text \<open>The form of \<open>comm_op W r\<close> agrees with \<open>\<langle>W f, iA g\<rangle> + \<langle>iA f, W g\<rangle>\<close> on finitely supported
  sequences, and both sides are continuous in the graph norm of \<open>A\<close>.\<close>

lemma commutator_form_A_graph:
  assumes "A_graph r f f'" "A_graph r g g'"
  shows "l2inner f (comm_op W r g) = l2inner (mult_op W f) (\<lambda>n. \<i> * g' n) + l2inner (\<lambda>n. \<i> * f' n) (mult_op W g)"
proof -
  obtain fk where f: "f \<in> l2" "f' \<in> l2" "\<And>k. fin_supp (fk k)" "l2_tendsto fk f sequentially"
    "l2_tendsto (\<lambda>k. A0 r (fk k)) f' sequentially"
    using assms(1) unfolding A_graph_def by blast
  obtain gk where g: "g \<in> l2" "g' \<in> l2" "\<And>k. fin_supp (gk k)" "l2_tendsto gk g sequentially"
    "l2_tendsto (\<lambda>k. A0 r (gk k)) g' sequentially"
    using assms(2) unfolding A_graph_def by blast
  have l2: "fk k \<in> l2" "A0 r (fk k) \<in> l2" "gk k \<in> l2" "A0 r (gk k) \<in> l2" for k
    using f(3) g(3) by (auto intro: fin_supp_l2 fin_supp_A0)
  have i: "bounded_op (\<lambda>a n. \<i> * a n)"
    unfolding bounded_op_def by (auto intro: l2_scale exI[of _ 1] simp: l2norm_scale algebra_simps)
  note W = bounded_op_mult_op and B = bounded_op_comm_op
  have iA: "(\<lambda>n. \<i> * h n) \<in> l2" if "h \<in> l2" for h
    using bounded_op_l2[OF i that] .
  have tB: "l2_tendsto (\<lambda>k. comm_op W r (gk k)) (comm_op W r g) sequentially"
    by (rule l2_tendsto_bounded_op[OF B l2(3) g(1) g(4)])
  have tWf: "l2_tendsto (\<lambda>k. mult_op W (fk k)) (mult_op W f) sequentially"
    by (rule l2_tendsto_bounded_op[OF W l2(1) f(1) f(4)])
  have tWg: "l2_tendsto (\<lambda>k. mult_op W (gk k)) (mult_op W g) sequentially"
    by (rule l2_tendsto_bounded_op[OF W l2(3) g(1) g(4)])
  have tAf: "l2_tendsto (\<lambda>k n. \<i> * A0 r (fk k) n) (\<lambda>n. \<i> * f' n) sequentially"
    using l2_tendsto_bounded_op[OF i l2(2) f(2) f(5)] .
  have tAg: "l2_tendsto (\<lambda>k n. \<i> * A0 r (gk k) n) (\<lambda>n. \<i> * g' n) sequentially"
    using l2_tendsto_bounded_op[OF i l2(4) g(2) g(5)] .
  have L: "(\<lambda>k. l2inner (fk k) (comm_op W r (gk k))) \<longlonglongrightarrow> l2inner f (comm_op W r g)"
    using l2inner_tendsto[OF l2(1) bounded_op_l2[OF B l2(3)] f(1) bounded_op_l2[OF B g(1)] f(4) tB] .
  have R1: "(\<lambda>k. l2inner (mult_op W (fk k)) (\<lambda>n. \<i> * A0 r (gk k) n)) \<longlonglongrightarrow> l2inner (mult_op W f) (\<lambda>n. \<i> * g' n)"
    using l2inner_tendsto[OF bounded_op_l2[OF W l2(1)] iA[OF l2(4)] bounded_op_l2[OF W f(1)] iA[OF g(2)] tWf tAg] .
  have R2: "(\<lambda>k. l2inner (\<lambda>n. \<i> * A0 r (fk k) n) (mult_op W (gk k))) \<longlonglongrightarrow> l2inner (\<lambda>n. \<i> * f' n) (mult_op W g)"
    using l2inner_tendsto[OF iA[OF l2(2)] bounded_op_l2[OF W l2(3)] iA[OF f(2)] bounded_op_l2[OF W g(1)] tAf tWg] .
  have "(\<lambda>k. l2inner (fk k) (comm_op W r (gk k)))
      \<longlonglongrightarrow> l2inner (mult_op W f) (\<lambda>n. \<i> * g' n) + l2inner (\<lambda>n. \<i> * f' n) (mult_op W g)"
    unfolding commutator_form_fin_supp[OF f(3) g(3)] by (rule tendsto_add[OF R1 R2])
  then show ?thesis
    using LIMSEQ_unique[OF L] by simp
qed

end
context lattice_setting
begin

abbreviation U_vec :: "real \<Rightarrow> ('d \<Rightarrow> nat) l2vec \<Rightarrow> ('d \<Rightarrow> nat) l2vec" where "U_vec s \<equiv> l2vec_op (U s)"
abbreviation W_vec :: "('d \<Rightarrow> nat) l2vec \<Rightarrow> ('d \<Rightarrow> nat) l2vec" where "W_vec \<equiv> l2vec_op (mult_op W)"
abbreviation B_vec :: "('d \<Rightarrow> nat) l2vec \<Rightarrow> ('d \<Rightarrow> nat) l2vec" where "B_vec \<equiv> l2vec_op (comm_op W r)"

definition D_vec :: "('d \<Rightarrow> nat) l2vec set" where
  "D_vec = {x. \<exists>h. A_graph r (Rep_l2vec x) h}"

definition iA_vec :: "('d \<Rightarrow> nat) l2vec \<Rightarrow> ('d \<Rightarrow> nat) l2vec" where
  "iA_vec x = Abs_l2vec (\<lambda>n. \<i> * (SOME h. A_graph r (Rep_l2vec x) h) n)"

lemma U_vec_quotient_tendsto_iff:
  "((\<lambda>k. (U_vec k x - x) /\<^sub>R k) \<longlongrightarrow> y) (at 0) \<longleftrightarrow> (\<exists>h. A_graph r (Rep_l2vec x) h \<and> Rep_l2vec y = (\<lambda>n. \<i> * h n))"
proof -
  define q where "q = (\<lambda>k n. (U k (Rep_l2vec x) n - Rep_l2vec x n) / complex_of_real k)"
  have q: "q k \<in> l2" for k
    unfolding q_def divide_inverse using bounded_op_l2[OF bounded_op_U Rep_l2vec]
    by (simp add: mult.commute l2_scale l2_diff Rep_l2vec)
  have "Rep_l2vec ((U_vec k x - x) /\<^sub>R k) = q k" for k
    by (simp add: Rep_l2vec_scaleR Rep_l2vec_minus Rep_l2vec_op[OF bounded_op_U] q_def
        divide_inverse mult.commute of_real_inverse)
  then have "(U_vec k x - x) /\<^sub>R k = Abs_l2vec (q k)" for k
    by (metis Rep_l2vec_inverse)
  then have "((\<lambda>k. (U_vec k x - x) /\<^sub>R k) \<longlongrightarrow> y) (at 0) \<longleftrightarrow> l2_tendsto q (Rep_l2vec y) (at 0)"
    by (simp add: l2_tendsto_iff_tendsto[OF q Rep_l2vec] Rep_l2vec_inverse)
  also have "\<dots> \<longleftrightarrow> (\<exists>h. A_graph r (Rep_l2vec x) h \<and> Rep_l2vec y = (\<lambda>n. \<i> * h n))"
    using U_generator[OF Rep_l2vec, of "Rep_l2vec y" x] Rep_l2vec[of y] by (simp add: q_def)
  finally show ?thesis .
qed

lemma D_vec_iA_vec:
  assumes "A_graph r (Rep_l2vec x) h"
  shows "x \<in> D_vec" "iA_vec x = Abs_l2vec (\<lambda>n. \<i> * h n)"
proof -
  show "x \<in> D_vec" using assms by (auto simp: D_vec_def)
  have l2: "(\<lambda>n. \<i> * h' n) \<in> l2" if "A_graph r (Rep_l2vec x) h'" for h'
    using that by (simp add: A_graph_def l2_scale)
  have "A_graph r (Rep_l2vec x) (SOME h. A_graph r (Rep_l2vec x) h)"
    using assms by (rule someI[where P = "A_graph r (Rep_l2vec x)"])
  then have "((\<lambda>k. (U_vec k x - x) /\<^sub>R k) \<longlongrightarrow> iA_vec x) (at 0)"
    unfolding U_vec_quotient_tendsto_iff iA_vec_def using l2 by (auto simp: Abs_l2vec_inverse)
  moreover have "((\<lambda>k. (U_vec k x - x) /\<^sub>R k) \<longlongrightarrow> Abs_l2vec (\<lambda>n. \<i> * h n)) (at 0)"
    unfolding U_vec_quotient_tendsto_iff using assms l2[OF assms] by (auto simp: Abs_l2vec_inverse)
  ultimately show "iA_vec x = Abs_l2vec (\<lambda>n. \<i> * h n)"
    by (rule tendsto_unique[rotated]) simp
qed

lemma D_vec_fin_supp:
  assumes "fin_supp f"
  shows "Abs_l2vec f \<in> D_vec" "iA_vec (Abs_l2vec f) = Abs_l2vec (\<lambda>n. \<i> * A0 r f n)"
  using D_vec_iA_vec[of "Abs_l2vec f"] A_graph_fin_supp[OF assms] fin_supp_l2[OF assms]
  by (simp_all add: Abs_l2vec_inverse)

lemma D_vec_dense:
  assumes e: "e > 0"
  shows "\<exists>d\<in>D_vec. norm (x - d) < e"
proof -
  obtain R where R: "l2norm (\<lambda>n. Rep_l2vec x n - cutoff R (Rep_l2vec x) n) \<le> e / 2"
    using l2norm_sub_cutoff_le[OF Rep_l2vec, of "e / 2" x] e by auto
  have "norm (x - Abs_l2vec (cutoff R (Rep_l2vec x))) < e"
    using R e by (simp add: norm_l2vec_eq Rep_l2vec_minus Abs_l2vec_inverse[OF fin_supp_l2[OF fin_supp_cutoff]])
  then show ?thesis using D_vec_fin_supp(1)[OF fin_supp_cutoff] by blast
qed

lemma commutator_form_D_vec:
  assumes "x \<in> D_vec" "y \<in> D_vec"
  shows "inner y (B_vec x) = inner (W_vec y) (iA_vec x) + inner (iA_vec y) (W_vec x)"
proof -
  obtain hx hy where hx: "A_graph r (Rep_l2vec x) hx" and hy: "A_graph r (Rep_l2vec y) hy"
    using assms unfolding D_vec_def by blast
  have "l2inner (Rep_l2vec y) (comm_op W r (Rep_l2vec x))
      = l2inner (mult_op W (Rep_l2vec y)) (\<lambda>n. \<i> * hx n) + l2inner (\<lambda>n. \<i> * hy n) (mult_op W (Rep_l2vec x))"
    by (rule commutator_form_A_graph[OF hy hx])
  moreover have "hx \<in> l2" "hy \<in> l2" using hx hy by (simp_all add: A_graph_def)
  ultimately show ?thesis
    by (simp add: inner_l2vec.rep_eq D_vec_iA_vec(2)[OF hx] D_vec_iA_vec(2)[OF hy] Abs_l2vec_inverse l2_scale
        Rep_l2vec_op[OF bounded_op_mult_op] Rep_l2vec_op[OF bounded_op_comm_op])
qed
+++++
◆ **What you need to do**: All lines above in which the word "open" occurs should be identified and copied.

◆ **Result of the task**:
text \<open>The form of \<open>comm_op W r\<close> agrees with \<open>\<langle>W f, iA g\<rangle> + \<langle>iA f, W g\<rangle>\<close> on finitely supported
  sequences, and both sides are continuous in the graph norm of \<open>A\<close>.\<close>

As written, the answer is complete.